[PROBLEM TO SOLVE]
Check every line below for the string "noteq", and copy the lines that contain it.

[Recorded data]
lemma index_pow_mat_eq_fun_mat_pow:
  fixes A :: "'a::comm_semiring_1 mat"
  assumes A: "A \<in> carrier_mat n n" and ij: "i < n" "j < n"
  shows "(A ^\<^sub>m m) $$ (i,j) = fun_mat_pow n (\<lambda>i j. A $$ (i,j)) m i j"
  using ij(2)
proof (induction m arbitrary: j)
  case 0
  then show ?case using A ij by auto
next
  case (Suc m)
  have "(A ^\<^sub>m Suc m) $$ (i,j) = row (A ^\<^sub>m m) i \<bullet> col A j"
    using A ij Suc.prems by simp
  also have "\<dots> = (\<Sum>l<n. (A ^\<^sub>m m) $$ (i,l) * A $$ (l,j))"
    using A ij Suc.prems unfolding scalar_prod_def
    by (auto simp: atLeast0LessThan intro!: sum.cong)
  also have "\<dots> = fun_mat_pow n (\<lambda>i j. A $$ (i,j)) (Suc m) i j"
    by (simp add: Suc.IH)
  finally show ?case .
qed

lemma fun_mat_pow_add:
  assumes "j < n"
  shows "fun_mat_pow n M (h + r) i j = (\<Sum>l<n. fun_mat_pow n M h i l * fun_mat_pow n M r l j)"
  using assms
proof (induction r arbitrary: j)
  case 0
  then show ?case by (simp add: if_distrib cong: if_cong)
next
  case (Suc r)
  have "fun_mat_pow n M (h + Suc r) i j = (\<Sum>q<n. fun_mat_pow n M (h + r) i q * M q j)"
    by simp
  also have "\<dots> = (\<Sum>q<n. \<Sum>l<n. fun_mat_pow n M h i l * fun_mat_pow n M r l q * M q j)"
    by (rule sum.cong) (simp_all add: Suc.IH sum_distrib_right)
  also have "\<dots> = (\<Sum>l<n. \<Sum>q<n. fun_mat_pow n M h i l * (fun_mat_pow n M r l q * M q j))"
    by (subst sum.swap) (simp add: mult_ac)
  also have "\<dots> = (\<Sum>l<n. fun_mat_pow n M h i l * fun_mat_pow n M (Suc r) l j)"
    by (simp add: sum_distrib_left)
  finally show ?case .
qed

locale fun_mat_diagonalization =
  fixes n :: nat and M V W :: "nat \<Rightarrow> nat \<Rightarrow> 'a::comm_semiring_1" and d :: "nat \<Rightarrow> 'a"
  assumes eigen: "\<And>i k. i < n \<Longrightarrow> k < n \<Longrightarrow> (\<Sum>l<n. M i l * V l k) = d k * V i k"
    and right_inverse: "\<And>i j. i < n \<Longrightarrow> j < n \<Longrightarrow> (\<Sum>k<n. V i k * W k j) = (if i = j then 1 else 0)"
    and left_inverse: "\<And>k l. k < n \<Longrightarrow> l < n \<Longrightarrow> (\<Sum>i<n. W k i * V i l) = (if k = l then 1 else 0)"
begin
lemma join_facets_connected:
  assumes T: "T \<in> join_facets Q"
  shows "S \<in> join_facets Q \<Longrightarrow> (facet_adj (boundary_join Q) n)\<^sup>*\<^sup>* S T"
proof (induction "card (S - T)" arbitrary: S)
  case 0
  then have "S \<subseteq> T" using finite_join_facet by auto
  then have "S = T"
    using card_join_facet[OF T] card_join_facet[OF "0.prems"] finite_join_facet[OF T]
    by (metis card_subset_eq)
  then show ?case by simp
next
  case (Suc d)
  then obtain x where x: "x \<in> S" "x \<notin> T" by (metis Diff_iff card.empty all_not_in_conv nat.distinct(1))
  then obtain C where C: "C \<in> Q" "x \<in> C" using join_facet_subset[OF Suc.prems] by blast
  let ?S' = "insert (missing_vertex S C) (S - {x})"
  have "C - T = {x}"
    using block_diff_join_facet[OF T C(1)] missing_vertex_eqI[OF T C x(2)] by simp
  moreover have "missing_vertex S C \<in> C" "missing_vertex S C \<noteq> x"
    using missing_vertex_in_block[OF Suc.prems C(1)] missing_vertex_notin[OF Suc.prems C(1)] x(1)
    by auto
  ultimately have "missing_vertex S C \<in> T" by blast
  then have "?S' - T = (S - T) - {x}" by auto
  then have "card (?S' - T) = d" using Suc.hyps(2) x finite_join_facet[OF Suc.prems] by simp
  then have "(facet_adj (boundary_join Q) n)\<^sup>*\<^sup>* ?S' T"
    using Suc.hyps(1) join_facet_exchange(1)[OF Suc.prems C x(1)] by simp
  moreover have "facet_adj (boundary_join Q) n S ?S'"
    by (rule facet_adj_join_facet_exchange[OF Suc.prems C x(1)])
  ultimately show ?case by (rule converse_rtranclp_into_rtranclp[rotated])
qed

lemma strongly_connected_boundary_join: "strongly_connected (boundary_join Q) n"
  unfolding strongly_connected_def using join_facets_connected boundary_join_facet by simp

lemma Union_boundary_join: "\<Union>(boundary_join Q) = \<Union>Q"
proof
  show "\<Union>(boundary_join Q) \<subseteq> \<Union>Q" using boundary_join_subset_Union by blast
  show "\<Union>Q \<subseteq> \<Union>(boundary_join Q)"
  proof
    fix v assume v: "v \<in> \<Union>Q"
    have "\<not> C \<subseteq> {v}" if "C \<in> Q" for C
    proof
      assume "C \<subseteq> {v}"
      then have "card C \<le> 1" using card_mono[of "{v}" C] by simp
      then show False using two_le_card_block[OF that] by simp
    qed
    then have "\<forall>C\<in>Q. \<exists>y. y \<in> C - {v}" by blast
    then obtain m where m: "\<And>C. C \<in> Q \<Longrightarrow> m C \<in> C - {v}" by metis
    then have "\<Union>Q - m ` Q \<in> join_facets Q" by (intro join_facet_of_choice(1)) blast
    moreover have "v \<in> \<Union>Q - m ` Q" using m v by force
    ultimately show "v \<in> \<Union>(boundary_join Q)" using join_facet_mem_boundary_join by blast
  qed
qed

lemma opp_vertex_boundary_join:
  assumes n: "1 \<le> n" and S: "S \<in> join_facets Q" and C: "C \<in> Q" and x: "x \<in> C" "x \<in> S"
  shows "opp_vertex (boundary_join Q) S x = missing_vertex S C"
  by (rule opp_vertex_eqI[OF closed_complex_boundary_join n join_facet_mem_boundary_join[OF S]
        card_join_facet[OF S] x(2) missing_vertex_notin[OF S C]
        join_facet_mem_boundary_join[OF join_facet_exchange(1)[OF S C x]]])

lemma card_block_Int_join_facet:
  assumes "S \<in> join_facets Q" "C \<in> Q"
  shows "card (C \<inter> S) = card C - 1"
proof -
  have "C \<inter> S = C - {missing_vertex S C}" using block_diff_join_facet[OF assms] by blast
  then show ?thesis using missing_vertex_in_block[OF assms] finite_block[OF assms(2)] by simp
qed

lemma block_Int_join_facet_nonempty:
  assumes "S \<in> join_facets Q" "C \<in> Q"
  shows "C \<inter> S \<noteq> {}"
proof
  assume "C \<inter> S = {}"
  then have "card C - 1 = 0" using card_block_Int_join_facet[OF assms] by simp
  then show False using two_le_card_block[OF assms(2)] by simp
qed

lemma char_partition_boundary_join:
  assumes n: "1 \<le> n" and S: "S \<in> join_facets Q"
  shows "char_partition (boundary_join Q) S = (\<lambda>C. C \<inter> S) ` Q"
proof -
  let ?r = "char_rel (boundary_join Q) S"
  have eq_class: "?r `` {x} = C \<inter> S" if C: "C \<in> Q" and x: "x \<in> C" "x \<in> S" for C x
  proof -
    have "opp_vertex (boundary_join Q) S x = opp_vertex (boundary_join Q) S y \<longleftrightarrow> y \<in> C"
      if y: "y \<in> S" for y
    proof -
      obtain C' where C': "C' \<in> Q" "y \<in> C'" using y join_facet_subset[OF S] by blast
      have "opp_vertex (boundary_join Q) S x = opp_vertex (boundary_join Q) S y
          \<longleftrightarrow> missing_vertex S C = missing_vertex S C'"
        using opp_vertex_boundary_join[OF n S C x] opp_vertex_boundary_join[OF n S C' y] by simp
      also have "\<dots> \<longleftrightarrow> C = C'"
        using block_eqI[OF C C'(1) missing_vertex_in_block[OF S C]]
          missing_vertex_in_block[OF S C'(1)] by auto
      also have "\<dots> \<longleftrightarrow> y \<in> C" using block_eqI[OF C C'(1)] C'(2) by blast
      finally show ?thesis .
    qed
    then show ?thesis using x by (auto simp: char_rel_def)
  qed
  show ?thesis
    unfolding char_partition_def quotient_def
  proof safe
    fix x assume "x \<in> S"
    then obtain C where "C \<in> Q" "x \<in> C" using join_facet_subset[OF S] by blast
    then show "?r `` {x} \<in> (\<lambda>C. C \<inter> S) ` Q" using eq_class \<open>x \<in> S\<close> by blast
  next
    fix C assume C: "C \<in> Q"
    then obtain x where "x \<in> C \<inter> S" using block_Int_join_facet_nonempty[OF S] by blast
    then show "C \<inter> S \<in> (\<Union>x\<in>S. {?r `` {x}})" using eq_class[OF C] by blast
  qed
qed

[YOUR SOLUTION]
  moreover have "missing_vertex S C \<in> C" "missing_vertex S C \<noteq> x"
  shows "C \<inter> S \<noteq> {}"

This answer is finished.